*What the exercise asks*. With the line that contains "obtain \<beta> where" as the final line, return every line from the start of the data below exactly.

[Study material Boundary: Start]

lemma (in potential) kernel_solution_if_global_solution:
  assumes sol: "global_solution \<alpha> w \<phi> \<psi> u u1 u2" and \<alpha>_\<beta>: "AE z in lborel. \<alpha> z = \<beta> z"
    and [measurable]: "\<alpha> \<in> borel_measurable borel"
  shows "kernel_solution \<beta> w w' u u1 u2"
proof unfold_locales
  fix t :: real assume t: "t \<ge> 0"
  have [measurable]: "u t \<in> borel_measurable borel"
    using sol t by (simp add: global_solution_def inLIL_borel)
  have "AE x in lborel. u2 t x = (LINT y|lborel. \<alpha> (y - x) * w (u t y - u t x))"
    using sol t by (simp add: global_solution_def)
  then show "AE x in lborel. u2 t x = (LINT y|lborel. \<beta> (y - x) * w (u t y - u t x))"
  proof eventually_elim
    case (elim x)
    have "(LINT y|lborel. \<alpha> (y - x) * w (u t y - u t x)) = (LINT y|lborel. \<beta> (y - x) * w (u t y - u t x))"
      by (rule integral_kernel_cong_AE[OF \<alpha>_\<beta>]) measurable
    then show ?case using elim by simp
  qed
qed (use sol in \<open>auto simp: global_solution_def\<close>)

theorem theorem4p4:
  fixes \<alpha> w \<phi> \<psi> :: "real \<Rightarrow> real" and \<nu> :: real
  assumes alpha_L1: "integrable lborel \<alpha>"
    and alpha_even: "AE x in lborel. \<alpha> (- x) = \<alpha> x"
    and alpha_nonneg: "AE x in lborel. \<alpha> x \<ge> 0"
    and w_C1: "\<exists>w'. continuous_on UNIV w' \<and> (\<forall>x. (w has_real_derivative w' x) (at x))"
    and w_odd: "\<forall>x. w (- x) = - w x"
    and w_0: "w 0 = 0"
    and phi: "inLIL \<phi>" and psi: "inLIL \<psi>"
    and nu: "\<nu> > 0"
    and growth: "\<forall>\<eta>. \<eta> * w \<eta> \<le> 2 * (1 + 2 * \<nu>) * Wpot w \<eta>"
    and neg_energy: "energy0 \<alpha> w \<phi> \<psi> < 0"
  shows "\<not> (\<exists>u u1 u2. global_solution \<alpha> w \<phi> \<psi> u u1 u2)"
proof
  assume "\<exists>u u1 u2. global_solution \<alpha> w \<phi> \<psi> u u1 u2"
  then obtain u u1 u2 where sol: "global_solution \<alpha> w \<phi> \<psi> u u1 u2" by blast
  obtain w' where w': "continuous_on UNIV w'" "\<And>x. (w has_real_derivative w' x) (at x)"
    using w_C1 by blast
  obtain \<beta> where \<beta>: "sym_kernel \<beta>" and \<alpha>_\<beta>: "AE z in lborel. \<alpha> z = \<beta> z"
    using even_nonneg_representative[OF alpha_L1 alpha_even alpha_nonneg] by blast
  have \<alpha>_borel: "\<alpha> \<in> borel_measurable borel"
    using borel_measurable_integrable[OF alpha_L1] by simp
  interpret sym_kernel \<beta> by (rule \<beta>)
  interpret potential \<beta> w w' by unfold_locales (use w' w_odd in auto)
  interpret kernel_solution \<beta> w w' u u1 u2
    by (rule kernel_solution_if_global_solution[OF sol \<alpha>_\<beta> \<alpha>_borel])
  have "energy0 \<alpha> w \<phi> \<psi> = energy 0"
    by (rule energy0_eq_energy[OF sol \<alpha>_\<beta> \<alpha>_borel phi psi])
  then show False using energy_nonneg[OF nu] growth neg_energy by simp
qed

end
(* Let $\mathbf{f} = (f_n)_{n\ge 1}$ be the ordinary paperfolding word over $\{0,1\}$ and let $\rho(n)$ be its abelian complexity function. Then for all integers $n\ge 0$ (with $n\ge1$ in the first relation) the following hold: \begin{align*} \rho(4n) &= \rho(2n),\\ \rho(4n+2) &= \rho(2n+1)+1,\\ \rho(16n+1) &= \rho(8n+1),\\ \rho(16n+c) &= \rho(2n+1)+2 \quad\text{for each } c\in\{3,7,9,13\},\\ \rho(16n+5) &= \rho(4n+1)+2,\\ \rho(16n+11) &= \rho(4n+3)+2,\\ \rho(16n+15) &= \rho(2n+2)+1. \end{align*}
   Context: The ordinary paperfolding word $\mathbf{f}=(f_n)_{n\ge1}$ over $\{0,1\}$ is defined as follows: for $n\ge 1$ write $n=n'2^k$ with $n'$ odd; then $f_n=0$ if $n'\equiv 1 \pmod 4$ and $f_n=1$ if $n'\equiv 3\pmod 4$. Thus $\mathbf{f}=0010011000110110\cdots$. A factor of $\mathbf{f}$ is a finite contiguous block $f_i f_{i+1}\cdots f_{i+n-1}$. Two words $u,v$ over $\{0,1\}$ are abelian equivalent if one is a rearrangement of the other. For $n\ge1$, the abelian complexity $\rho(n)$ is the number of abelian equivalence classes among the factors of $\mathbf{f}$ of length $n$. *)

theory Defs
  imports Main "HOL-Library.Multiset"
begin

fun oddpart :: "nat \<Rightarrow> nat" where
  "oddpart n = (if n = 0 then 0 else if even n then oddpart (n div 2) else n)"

[Study material Boundary: End]

*Output of the exercise*.
lemma (in potential) kernel_solution_if_global_solution:
  assumes sol: "global_solution \<alpha> w \<phi> \<psi> u u1 u2" and \<alpha>_\<beta>: "AE z in lborel. \<alpha> z = \<beta> z"
    and [measurable]: "\<alpha> \<in> borel_measurable borel"
  shows "kernel_solution \<beta> w w' u u1 u2"
proof unfold_locales
  fix t :: real assume t: "t \<ge> 0"
  have [measurable]: "u t \<in> borel_measurable borel"
    using sol t by (simp add: global_solution_def inLIL_borel)
  have "AE x in lborel. u2 t x = (LINT y|lborel. \<alpha> (y - x) * w (u t y - u t x))"
    using sol t by (simp add: global_solution_def)
  then show "AE x in lborel. u2 t x = (LINT y|lborel. \<beta> (y - x) * w (u t y - u t x))"
  proof eventually_elim
    case (elim x)
    have "(LINT y|lborel. \<alpha> (y - x) * w (u t y - u t x)) = (LINT y|lborel. \<beta> (y - x) * w (u t y - u t x))"
      by (rule integral_kernel_cong_AE[OF \<alpha>_\<beta>]) measurable
    then show ?case using elim by simp
  qed
qed (use sol in \<open>auto simp: global_solution_def\<close>)

theorem theorem4p4:
  fixes \<alpha> w \<phi> \<psi> :: "real \<Rightarrow> real" and \<nu> :: real
  assumes alpha_L1: "integrable lborel \<alpha>"
    and alpha_even: "AE x in lborel. \<alpha> (- x) = \<alpha> x"
    and alpha_nonneg: "AE x in lborel. \<alpha> x \<ge> 0"
    and w_C1: "\<exists>w'. continuous_on UNIV w' \<and> (\<forall>x. (w has_real_derivative w' x) (at x))"
    and w_odd: "\<forall>x. w (- x) = - w x"
    and w_0: "w 0 = 0"
    and phi: "inLIL \<phi>" and psi: "inLIL \<psi>"
    and nu: "\<nu> > 0"
    and growth: "\<forall>\<eta>. \<eta> * w \<eta> \<le> 2 * (1 + 2 * \<nu>) * Wpot w \<eta>"
    and neg_energy: "energy0 \<alpha> w \<phi> \<psi> < 0"
  shows "\<not> (\<exists>u u1 u2. global_solution \<alpha> w \<phi> \<psi> u u1 u2)"
proof
  assume "\<exists>u u1 u2. global_solution \<alpha> w \<phi> \<psi> u u1 u2"
  then obtain u u1 u2 where sol: "global_solution \<alpha> w \<phi> \<psi> u u1 u2" by blast
  obtain w' where w': "continuous_on UNIV w'" "\<And>x. (w has_real_derivative w' x) (at x)"
    using w_C1 by blast
  obtain \<beta> where \<beta>: "sym_kernel \<beta>" and \<alpha>_\<beta>: "AE z in lborel. \<alpha> z = \<beta> z"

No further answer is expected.